Kevin Bacon incarne une star très hollywoodienne dans Where the truth lies. Son exact opposé...

CANNES Sans jamais défrayer la chronique, mine de rien, depuis une bonne vingtaine d'années, Kevin Bacon s'est imposé comme une des valeurs sûres d'Hollywood. Vendredi 13, Footloose, Tremors, JFK, L'expérience interdite, L'homme sans ombre, Sleepers, Apollo XIII ou le fabuleux Mystic river lui ont permis d'explorer de nombreuses facettes de son talent. Mais il lui en restait d'autres en réserve, comme le prouve Where the truth lies, satire mordante du star-system et de tous ses excès.

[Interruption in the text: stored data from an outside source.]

lemma nn_integral_Psi_inner_e1_le:
  assumes "0 < \<delta>"
  shows "(\<integral>\<^sup>+z. indicator (Psi \<delta> (0 :: real^'n::{finite,wellorder})) z * ennreal (z \<bullet> e1) \<partial>lborel)
    \<le> ennreal (\<delta> * measure lborel (Psi \<delta> (0 :: real^'n::{finite,wellorder})))"
proof -
  have "(\<integral>\<^sup>+z. indicator (Psi \<delta> (0 :: real^'n::{finite,wellorder})) z * ennreal (z \<bullet> e1) \<partial>lborel)
      \<le> (\<integral>\<^sup>+z. ennreal \<delta> * indicator (Psi \<delta> (0 :: real^'n::{finite,wellorder})) z \<partial>lborel)"
  proof (intro nn_integral_mono)
    fix z
    show "indicator (Psi \<delta> 0) z * ennreal (z \<bullet> e1) \<le> ennreal \<delta> * indicator (Psi \<delta> 0) z"
      by (cases "z \<in> Psi \<delta> 0") (auto dest: inner_e1_bounds_Psi_0 intro: ennreal_leI)
  qed
  also have "\<dots> = ennreal (\<delta> * measure lborel (Psi \<delta> (0 :: real^'n::{finite,wellorder})))"
    using assms by (simp add: nn_integral_cmult emeasure_Psi ennreal_mult')
  finally show ?thesis .
qed

lemma le_delta_if_mean_height_Psi_ge:
  assumes "0 < \<delta>"
    and "ennreal (a * measure lborel (Psi \<delta> (0 :: real^'n::{finite,wellorder})))
      \<le> (\<integral>\<^sup>+z. indicator (Psi \<delta> (0 :: real^'n::{finite,wellorder})) z * ennreal (z \<bullet> e1) \<partial>lborel)"
  shows "a \<le> \<delta>"
proof -
  let ?s = "measure lborel (Psi \<delta> (0 :: real^'n::{finite,wellorder}))"
  have "ennreal (a * ?s) \<le> ennreal (\<delta> * ?s)"
    using assms(2) nn_integral_Psi_inner_e1_le[OF assms(1)] by (rule order_trans)
  then have "a * ?s \<le> \<delta> * ?s"
    using assms(1) by (simp add: ennreal_le_iff)
  moreover have "0 < ?s"
    by (rule measure_Psi_pos[OF assms(1)])
  ultimately show ?thesis
    by simp
qed

lemma eta_const_pos: "1 \<le> n \<Longrightarrow> 0 < eta_const n"
  by (simp add: eta_const_def)
lemma occ_markov_factorization:
  fixes v :: "nat \<Rightarrow> real^'d"
  assumes "regular_jump_markov M n X q" and "0 \<le> t" and "0 \<le> h"
  shows "measure M {\<omega> \<in> space M. X t \<omega> = i \<and> X (t+h) \<omega> = k} * Fv M v X i t y
         = measure M {\<omega> \<in> space M. X t \<omega> = i \<and> X (t+h) \<omega> = k \<and> occ v X t \<omega> \<le> y}
           * measure M {\<omega> \<in> space M. X t \<omega> = i}"
proof -
  let ?A = "{\<omega> \<in> space M. X t \<omega> = i}"
  have "{\<omega> \<in> space M. occ v X t \<omega> \<le> y} \<inter> ?A = {\<omega> \<in> space M. X t \<omega> = i \<and> occ v X t \<omega> \<le> y}"
    and "{\<omega> \<in> space M. X t \<omega> = i \<and> occ v X t \<omega> \<le> y} \<inter> {\<omega> \<in> space M. X (t+h) \<omega> = k}
      = {\<omega> \<in> space M. X t \<omega> = i \<and> X (t+h) \<omega> = k \<and> occ v X t \<omega> \<le> y}"
    and "?A \<inter> {\<omega> \<in> space M. X (t+h) \<omega> = k} = {\<omega> \<in> space M. X t \<omega> = i \<and> X (t+h) \<omega> = k}"
    by auto
  then have "measure M {\<omega> \<in> space M. X t \<omega> = i \<and> X (t+h) \<omega> = k \<and> occ v X t \<omega> \<le> y} * measure M ?A
      = Fv M v X i t y * measure M {\<omega> \<in> space M. X t \<omega> = i \<and> X (t+h) \<omega> = k}"
    using regular_jump_markov_property[OF assms occ_le_in_nat_filtration[OF assms(1), of v t y], where i=i and j=k]
    unfolding Fv_def state_event_def by simp
  then show ?thesis
    by (simp add: mult.commute)
qed

theorem lemma3:
  fixes M :: "'a measure" and n :: nat and X :: "real \<Rightarrow> 'a \<Rightarrow> nat"
    and q :: "nat \<Rightarrow> nat \<Rightarrow> real \<Rightarrow> real" and v :: "nat \<Rightarrow> real^'d"
    and i k :: nat and \<epsilon> t :: real and x :: "real^'d"
  assumes A1: "regular_jump_markov M n X q"
    and A2: "rate_assumptions n q"
    and i: "i \<in> {1..n}" and k: "k \<in> {1..n}"
    and eps: "\<epsilon> > 0" and t: "t \<ge> 0"
  shows "measure M {\<omega> \<in> space M. X t \<omega> = i \<and> X (t+\<epsilon>) \<omega> = k} * Fv M v X i t (x - \<epsilon> *\<^sub>R vmax n v)
           \<le> measure M {\<omega> \<in> space M. X t \<omega> = i \<and> X (t+\<epsilon>) \<omega> = k \<and> occ v X (t+\<epsilon>) \<omega> \<le> x}
             * measure M {\<omega> \<in> space M. X t \<omega> = i}
       \<and> measure M {\<omega> \<in> space M. X t \<omega> = i \<and> X (t+\<epsilon>) \<omega> = k \<and> occ v X (t+\<epsilon>) \<omega> \<le> x}
             * measure M {\<omega> \<in> space M. X t \<omega> = i}
           \<le> measure M {\<omega> \<in> space M. X t \<omega> = i \<and> X (t+\<epsilon>) \<omega> = k} * Fv M v X i t (x - \<epsilon> *\<^sub>R vmin n v)"
proof -
  interpret prob_space M
    using A1 by (rule regular_jump_markov_prob_space)
  let ?E = "\<lambda>s y. {\<omega> \<in> space M. X t \<omega> = i \<and> X (t+\<epsilon>) \<omega> = k \<and> occ v X s \<omega> \<le> y}"
  have "?E t (x - \<epsilon> *\<^sub>R vmax n v) \<subseteq> ?E (t+\<epsilon>) x" and "?E (t+\<epsilon>) x \<subseteq> ?E t (x - \<epsilon> *\<^sub>R vmin n v)"
    using occ_increment_bounds[OF A1 _ t, of _ \<epsilon> v] eps by (auto simp: le_diff_eq intro: order_trans)
  moreover have "?E s y \<in> sets M" for s y
    using states_occ_le_in_sets[OF A1 t, of "t+\<epsilon>"] eps t by simp
  ultimately have "measure M (?E t (x - \<epsilon> *\<^sub>R vmax n v)) \<le> measure M (?E (t+\<epsilon>) x)"
    and "measure M (?E (t+\<epsilon>) x) \<le> measure M (?E t (x - \<epsilon> *\<^sub>R vmin n v))"
    by (auto intro: finite_measure_mono)
  moreover have "measure M {\<omega> \<in> space M. X t \<omega> = i \<and> X (t+\<epsilon>) \<omega> = k} * Fv M v X i t y
      = measure M (?E t y) * measure M {\<omega> \<in> space M. X t \<omega> = i}" for y
    using eps by (intro occ_markov_factorization[OF A1 t]) simp
  ultimately show ?thesis
    by (simp add: mult_right_mono)
qed

end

Sapé comme un rockeur, la démarche chaloupée et les yeux cachés par de grosses lunettes noires, l'acteur de 47 ans a manifestement pris plaisir à croquer les défauts d'un milieu qu'il connaît bien. «Je ne pense pas avoir quelque chose à me prouver à moi-même. C'est juste très amusant d'incarner un amuseur du show-biz. Cela me change des flics et des assassins... Et puis, les années 70 étaient très excitantes. »

Celles de son adolescence. Une période d'insouciance et de liberté où tout semblait permis. «Les interviews donnent souvent l'impression, fausse, que j'essaie de restituer à l'écran ce que je suis réellement, dans le fond de mon âme. Parce qu'il est célèbre, différentes facettes de mon personnage me correspondent, mais pas toutes. Le problème avec la célébrité, c'est qu'on finit par s'y habituer. Certains feraient n'importe quoi pour elle. Dès qu'elle s'estompe, cela devient difficile. Quand on est acteur, c'est pour toute sa vie...»

Aucun stress dans sa voix. Que du contraire. La frénésie hollywoodienne ne semble plus le toucher. «J'ai une belle femme, deux enfants, et la chance de continuer à jouer. J'ai gagné assez d'argent pour vivre convenablement, sans faire de folies. Même si une partie de moi aime ça, ma priorité n'est pas d'être célèbre. Comme pour le sport, elle peut être dangereuse: trop d'attention, trop tôt, cela peut mener à la mort, au suicide ou à la dépression. Je passe ma vie à faire ce que j'aime, et mes enfants m'obligent à rester jeune. Cela me suffit.»

Un discours en total décalage avec celui de tant de ses collègues. «Quand un film arrive numéro un au box-office, c'est formidable, mais après? Être acteur, c'est mon métier. Je suis très pragmatique. J'essaie de ne pas baser mes choix sur l'argent: cela ne rend pas meilleur comédien. J'aime ma maison, ma famille, aller faire du shopping avec ma femme. On vit modestement: je n'ai pas besoin d'une montagne d'argent.»

Et comme si cela ne suffisait pas à sortir des sentiers battus, Kevin Bacon n'hésite pas à s'exhiber nu comme un ver devant la caméra d'Atom Egoyan. «Le système de censure aux USA fait que la violence est acceptée sans problème alors que le sexe n'est toléré qu'à condition que tous les acteurs soient habillés. Ou qu'un meuble se trouve idéalement placé dans le champ de la caméra pour qu'on ne voie rien! Quand on fait l'amour, on est nus, mais cela semble déplaire... C'est dommage que les gens soient dérangés par cet aspect. D'autant qu'ici, les scènes de sexe sont indispensables à la narration du film. Sans elles, on ne peut pas comprendre l'histoire.»

«Parler de ma vie, c'est mon pire cauchemar»

La sienne, c'est sûr, ne terminera pas en roman. Ni en autobiographie. «Je n'ai jamais été approché par une journaliste comme on le voit dans le film. Parler de ma vie, de ma carrière, c'est mon pire cauchemar. Je refuse d'office ce type d'interview. Mes enfants ne s'intéressent pas du tout à ma vie! Je ne crois pas que mes Mémoires puissent les attirer. J'ai peut-être en moi des secrets pénibles, mais je m'en sers juste pour mon travail, pour apporter des couleurs.»

Dommage. Ils sont certainement révélateurs d'une personnalité hors norme, haute en couleur.